Илья скользнул по их лицам взглядом и снова закрыл глаза. Затравленность делает всех похожими: точка-точка-запятая, грубо сформованная глина; искаженный образ, утраченное подобие. Когда-то человеческие физиономии умели отображать кучу разных вещей в тысяче разных комбинаций и потому казались разными. А сейчас остались только страх и тупая животная тоска, и разнообразие исчезло. Одна харя на всех: миллионы деревянных солдат, ать-два, ать-два.

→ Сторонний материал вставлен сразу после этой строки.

(* Let $q_\sigma$ be a noise distribution satisfying the Assumption below, let $p$ be a probability distribution on $\mathcal A$ with finite support, let $a'\in\mathcal A$ with $q_\sigma(a'\mid a)>0$ for all $a\in\mathrm{supp}(p)$ and $\sigma>0$, and let $S:\mathcal A\times\mathcal A\to\mathbb R$ be any function. Define $$p(a\mid a')=\frac{q_\sigma(a'\mid a)\,p(a)}{\sum_{b\in\mathrm{supp}(p)}q_\sigma(a'\mid b)\,p(b)}.$$ Then $$\lim_{\sigma\to0^+}\sum_{a\in\mathrm{supp}(p)}S(a,a')\,p(a\mid a')=\frac{\sum_{a\in C(a',p)}S(a,a')\,p(a)}{\sum_{a\in C(a',p)}p(a)}=\mathbb{E}_{a\sim p_C(\cdot\mid a')}\big[S(a,a')\big],$$ where $C(a',p)=\{a\in\mathrm{supp}(p):\ \|a'-a\|_2^2\le\|a'-y\|_2^2\ \text{for all } y\in\mathrm{supp}(p)\}$ and $p_C(a\mid a')=p(a)/\sum_{b\in C(a',p)}p(b)$ for $a\in C(a',p)$.
   Context: Action space $\mathcal A\subseteq\mathbb R^n$. A noise distribution $q_\sigma(\cdot\mid a)$ is a probability density/mass function parameterized by $a\in\mathcal A$ and $\sigma>0$ whose support contains $\mathcal A$. Assumption: for all $a,a_1,a_2\in\mathcal A$: (1) if $\|a_1-a\|_2^2>\|a_2-a\|_2^2$ then $\lim_{\sigma\to0^+}q_\sigma(a\mid a_1)/q_\sigma(a\mid a_2)=0$; (2) if $\|a_1-a\|_2^2=\|a_2-a\|_2^2$ then $\lim_{\sigma\to0^+}q_\sigma(a\mid a_1)/q_\sigma(a\mid a_2)=1$. *)

theory Defs
  imports "HOL-Analysis.Analysis" "HOL-Probability.Probability_Mass_Function"
begin

text \<open>A noise distribution: q sigma a x is the value q_sigma(x | a) of the
density/mass function with parameter a in the action space AA and sigma > 0.
It is nonnegative and its support contains AA (positive on AA).\<close>
definition noise_distribution ::
  "('a::real_normed_vector) set \<Rightarrow> (real \<Rightarrow> 'a \<Rightarrow> 'a \<Rightarrow> real) \<Rightarrow> bool" where
  "noise_distribution AA q \<longleftrightarrow>
     (\<forall>\<sigma>>0. \<forall>a\<in>AA. (\<forall>x. 0 \<le> q \<sigma> a x) \<and> (\<forall>x\<in>AA. 0 < q \<sigma> a x))"

definition noise_assumption ::
  "('a::real_normed_vector) set \<Rightarrow> (real \<Rightarrow> 'a \<Rightarrow> 'a \<Rightarrow> real) \<Rightarrow> bool" where
  "noise_assumption AA q \<longleftrightarrow>
     (\<forall>a\<in>AA. \<forall>a1\<in>AA. \<forall>a2\<in>AA.
        (norm (a1 - a)^2 > norm (a2 - a)^2 \<longrightarrow>
           ((\<lambda>\<sigma>. q \<sigma> a1 a / q \<sigma> a2 a) \<longlongrightarrow> 0) (at_right 0)) \<and>
        (norm (a1 - a)^2 = norm (a2 - a)^2 \<longrightarrow>
           ((\<lambda>\<sigma>. q \<sigma> a1 a / q \<sigma> a2 a) \<longlongrightarrow> 1) (at_right 0)))"

definition posterior ::
  "(real \<Rightarrow> 'a \<Rightarrow> 'a \<Rightarrow> real) \<Rightarrow> real \<Rightarrow> 'a pmf \<Rightarrow> 'a \<Rightarrow> 'a \<Rightarrow> real" where
  "posterior q \<sigma> p a' a =
     q \<sigma> a a' * pmf p a / (\<Sum>b\<in>set_pmf p. q \<sigma> b a' * pmf p b)"

definition closest_set :: "('a::real_normed_vector) \<Rightarrow> 'a pmf \<Rightarrow> 'a set" where
  "closest_set a' p =
     {a\<in>set_pmf p. \<forall>y\<in>set_pmf p. norm (a' - a)^2 \<le> norm (a' - y)^2}"

definition pC :: "'a pmf \<Rightarrow> ('a::real_normed_vector) \<Rightarrow> 'a \<Rightarrow> real" where
  "pC p a' a = pmf p a / (\<Sum>b\<in>closest_set a' p. pmf p b)"

end

theory Submission
  imports Defs
begin

text \<open>Dividing all likelihoods q_sigma(a' | a) by that of a fixed closest support point a0 does
not change the posterior. By the Assumption each rescaled likelihood tends to 1 if a is as close
to a' as a0, and to 0 otherwise; the posterior expectation is thus a continuous function of
finitely many quantities converging to the indicator of C(a', p), whose p-mass is positive.\<close>

lemma weighted_average_scale_invariant:
  fixes f w m :: "'a \<Rightarrow> real"
  assumes "c \<noteq> 0"
  shows "(\<Sum>a\<in>P. f a * (w a / c * m a)) / (\<Sum>a\<in>P. w a / c * m a)
       = (\<Sum>a\<in>P. f a * (w a * m a)) / (\<Sum>a\<in>P. w a * m a)"
proof -
  have "(\<Sum>a\<in>P. f a * (w a / c * m a)) = (\<Sum>a\<in>P. f a * (w a * m a)) / c"
    "(\<Sum>a\<in>P. w a / c * m a) = (\<Sum>a\<in>P. w a * m a) / c"
    by (simp_all add: sum_divide_distrib)
  then show ?thesis
    using assms by simp
qed

lemma tendsto_weighted_average:
  fixes f m L :: "'a \<Rightarrow> real" and w :: "'b \<Rightarrow> 'a \<Rightarrow> real"
  assumes "finite P"
    and "\<forall>\<^sub>F x in F. w x a0 \<noteq> 0"
    and "\<And>a. a \<in> P \<Longrightarrow> ((\<lambda>x. w x a / w x a0) \<longlongrightarrow> L a) F"
    and "(\<Sum>a\<in>P. L a * m a) \<noteq> 0"
  shows "((\<lambda>x. (\<Sum>a\<in>P. f a * (w x a * m a)) / (\<Sum>a\<in>P. w x a * m a)) \<longlongrightarrow>
           (\<Sum>a\<in>P. f a * (L a * m a)) / (\<Sum>a\<in>P. L a * m a)) F"
proof -
  have "((\<lambda>x. (\<Sum>a\<in>P. f a * (w x a / w x a0 * m a)) / (\<Sum>a\<in>P. w x a / w x a0 * m a)) \<longlongrightarrow>
           (\<Sum>a\<in>P. f a * (L a * m a)) / (\<Sum>a\<in>P. L a * m a)) F"
    using assms(3,4) by (intro tendsto_divide tendsto_sum tendsto_mult tendsto_const) auto
  moreover have "\<forall>\<^sub>F x in F.
      (\<Sum>a\<in>P. f a * (w x a / w x a0 * m a)) / (\<Sum>a\<in>P. w x a / w x a0 * m a)
    = (\<Sum>a\<in>P. f a * (w x a * m a)) / (\<Sum>a\<in>P. w x a * m a)"
    using assms(2) by eventually_elim (rule weighted_average_scale_invariant)
  ultimately show ?thesis
    by (rule Lim_transform_eventually)
qed

lemma sum_times_posterior:
  "(\<Sum>a\<in>set_pmf p. f a * posterior q \<sigma> p a' a)
     = (\<Sum>a\<in>set_pmf p. f a * (q \<sigma> a a' * pmf p a)) / (\<Sum>a\<in>set_pmf p. q \<sigma> a a' * pmf p a)"
  unfolding posterior_def sum_divide_distrib by (simp add: times_divide_eq_right)

lemma closest_set_subset: "closest_set a' p \<subseteq> set_pmf p"
  unfolding closest_set_def by auto

lemma closest_set_nonempty:
  assumes "finite (set_pmf p)"
  shows "closest_set a' p \<noteq> {}"
proof -
  obtain a0 where "a0 \<in> set_pmf p" "\<forall>y\<in>set_pmf p. norm (a' - a0)^2 \<le> norm (a' - y)^2"
    using arg_min_if_finite[OF assms set_pmf_not_empty, of "\<lambda>a. norm (a' - a)^2"]
    by (metis not_le)
  then show ?thesis
    unfolding closest_set_def by blast
qed

lemma sum_pmf_closest_set_pos:
  assumes "finite (set_pmf p)"
  shows "(\<Sum>a\<in>closest_set a' p. pmf p a) > 0"
proof -
  have "finite (closest_set a' p)"
    using assms closest_set_subset finite_subset by blast
  moreover have "\<forall>a\<in>closest_set a' p. pmf p a > 0"
    using closest_set_subset[of a' p] by (auto intro: pmf_positive)
  ultimately show ?thesis
    using closest_set_nonempty[OF assms] by (intro sum_pos) auto
qed

lemma likelihood_ratio_tendsto_indicator_closest:
  assumes "noise_assumption AA q" "set_pmf p \<subseteq> AA" "a' \<in> AA"
    and "a0 \<in> closest_set a' p" "a \<in> set_pmf p"
  shows "((\<lambda>\<sigma>. q \<sigma> a a' / q \<sigma> a0 a') \<longlongrightarrow> indicator (closest_set a' p) a) (at_right 0)"
proof -
  have AA: "a \<in> AA" "a0 \<in> AA"
    using assms(2,4,5) closest_set_subset by auto
  have a0_min: "norm (a' - a0)^2 \<le> norm (a' - y)^2" if "y \<in> set_pmf p" for y
    using assms(4) that unfolding closest_set_def by auto
  show ?thesis
  proof (cases "a \<in> closest_set a' p")
    case True
    then have "norm (a' - a)^2 \<le> norm (a' - a0)^2"
      using assms(4) closest_set_subset unfolding closest_set_def by blast
    with a0_min[OF assms(5)] have "norm (a - a')^2 = norm (a0 - a')^2"
      by (simp add: norm_minus_commute)
    then show ?thesis
      using True assms(1,3) AA unfolding noise_assumption_def by simp
  next
    case False
    then have "\<not> (\<forall>y\<in>set_pmf p. norm (a' - a)^2 \<le> norm (a' - y)^2)"
      using assms(5) unfolding closest_set_def by blast
    then obtain y where "y \<in> set_pmf p" "norm (a' - a)^2 > norm (a' - y)^2"
      by (meson not_le)
    then have "norm (a' - a)^2 > norm (a' - a0)^2"
      using a0_min[of y] by linarith
    then have "norm (a - a')^2 > norm (a0 - a')^2"
      by (simp only: norm_minus_commute)
    then show ?thesis
      using False assms(1,3) AA unfolding noise_assumption_def by simp
  qed
qed

theorem mainTheorem3:
  fixes AA :: "(real ^ 'n) set"
    and q :: "real \<Rightarrow> real ^ 'n \<Rightarrow> real ^ 'n \<Rightarrow> real"
    and p :: "(real ^ 'n) pmf"
    and a' :: "real ^ 'n"
    and S :: "real ^ 'n \<Rightarrow> real ^ 'n \<Rightarrow> real"
  assumes "noise_distribution AA q"
    and "noise_assumption AA q"
    and "set_pmf p \<subseteq> AA"
    and "finite (set_pmf p)"
    and "a' \<in> AA"
    and "\<And>a \<sigma>. a \<in> set_pmf p \<Longrightarrow> \<sigma> > 0 \<Longrightarrow> q \<sigma> a a' > 0"
  shows "((\<lambda>\<sigma>. \<Sum>a\<in>set_pmf p. S a a' * posterior q \<sigma> p a' a) \<longlongrightarrow>
           (\<Sum>a\<in>closest_set a' p. S a a' * pmf p a) / (\<Sum>a\<in>closest_set a' p. pmf p a))
           (at_right 0)
       \<and> (\<Sum>a\<in>closest_set a' p. S a a' * pmf p a) / (\<Sum>a\<in>closest_set a' p. pmf p a)
           = (\<Sum>a\<in>closest_set a' p. pC p a' a * S a a')"
proof
  let ?C = "closest_set a' p"
  have C_inter: "set_pmf p \<inter> ?C = ?C"
    using closest_set_subset by blast
  obtain a0 where a0: "a0 \<in> ?C"
    using closest_set_nonempty[OF assms(4)] by blast
  have q_a0_nonzero: "q \<sigma> a0 a' \<noteq> 0" if "\<sigma> > 0" for \<sigma>
    using assms(6) a0 closest_set_subset that by fastforce
  have "\<forall>\<^sub>F \<sigma> in at_right 0. q \<sigma> a0 a' \<noteq> 0"
    by (rule eventually_mono[OF eventually_at_right_less q_a0_nonzero])
  moreover have "((\<lambda>\<sigma>. q \<sigma> a a' / q \<sigma> a0 a') \<longlongrightarrow> indicator ?C a) (at_right 0)"
    if "a \<in> set_pmf p" for a
    using likelihood_ratio_tendsto_indicator_closest[OF assms(2,3,5) a0 that] .
  moreover have "(\<Sum>a\<in>set_pmf p. indicator ?C a * pmf p a) \<noteq> 0"
    using sum_pmf_closest_set_pos[OF assms(4), of a']
    by (simp only: Indicator_Function.sum_indicator_mult[OF assms(4)] C_inter)
  ultimately have "((\<lambda>\<sigma>. (\<Sum>a\<in>set_pmf p. S a a' * (q \<sigma> a a' * pmf p a)) /
                 (\<Sum>a\<in>set_pmf p. q \<sigma> a a' * pmf p a)) \<longlongrightarrow>
      (\<Sum>a\<in>set_pmf p. S a a' * (indicator ?C a * pmf p a)) /
        (\<Sum>a\<in>set_pmf p. indicator ?C a * pmf p a)) (at_right 0)"
    by (rule tendsto_weighted_average[OF assms(4)])
  then show "((\<lambda>\<sigma>. \<Sum>a\<in>set_pmf p. S a a' * posterior q \<sigma> p a' a) \<longlongrightarrow>
      (\<Sum>a\<in>?C. S a a' * pmf p a) / (\<Sum>a\<in>?C. pmf p a)) (at_right 0)"
    by (simp only: sum_times_posterior mult.left_commute[of "S _ _"]
        Indicator_Function.sum_indicator_mult[OF assms(4)] C_inter)
  show "(\<Sum>a\<in>?C. S a a' * pmf p a) / (\<Sum>a\<in>?C. pmf p a) = (\<Sum>a\<in>?C. pC p a' a * S a a')"
    unfolding pC_def sum_divide_distrib by (simp add: mult.commute)
qed

end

Взвыла сирена – раздирающая, на пределе выносимости. Воздух и зубы завибрировали.

Сигнал к началу смены. Деревянные солдаты, насаженные на вертел сирены, потянулись из барака.

Новенькие сжались, будто ожидая удара.

– Вещи в угол, сами на выход, – коротко бросил Илья, неожиданно сжалившись. – Койку потом займете.

Группа послушно качнулась влево, завозилась, пристраивая к стене тощие мешки. На серых спинах выгнулась белая «тета» – как у идущих впереди, как у Ильи. Как у всех. Клеймо принадлежности.

Он вышагнул из барака. Сирена смолкла.

– Шевелись, гниль! – Визгливый голос Нимаэля кнутом взлетел над головами.

От взмаха тяжелых крыльев взметнулись волосы на затылке.

– Не вертеть башкой, не хлопать варежкой!

Двухметровый норвежец Эйнар хрипло взвыл и схватился за плечо. Под пальцами расползалось красное пятно. Нимаэль гортанно заклекотал и в два рывка крыльев перенесся далеко вперед, нацеливая когти на кого-то другого.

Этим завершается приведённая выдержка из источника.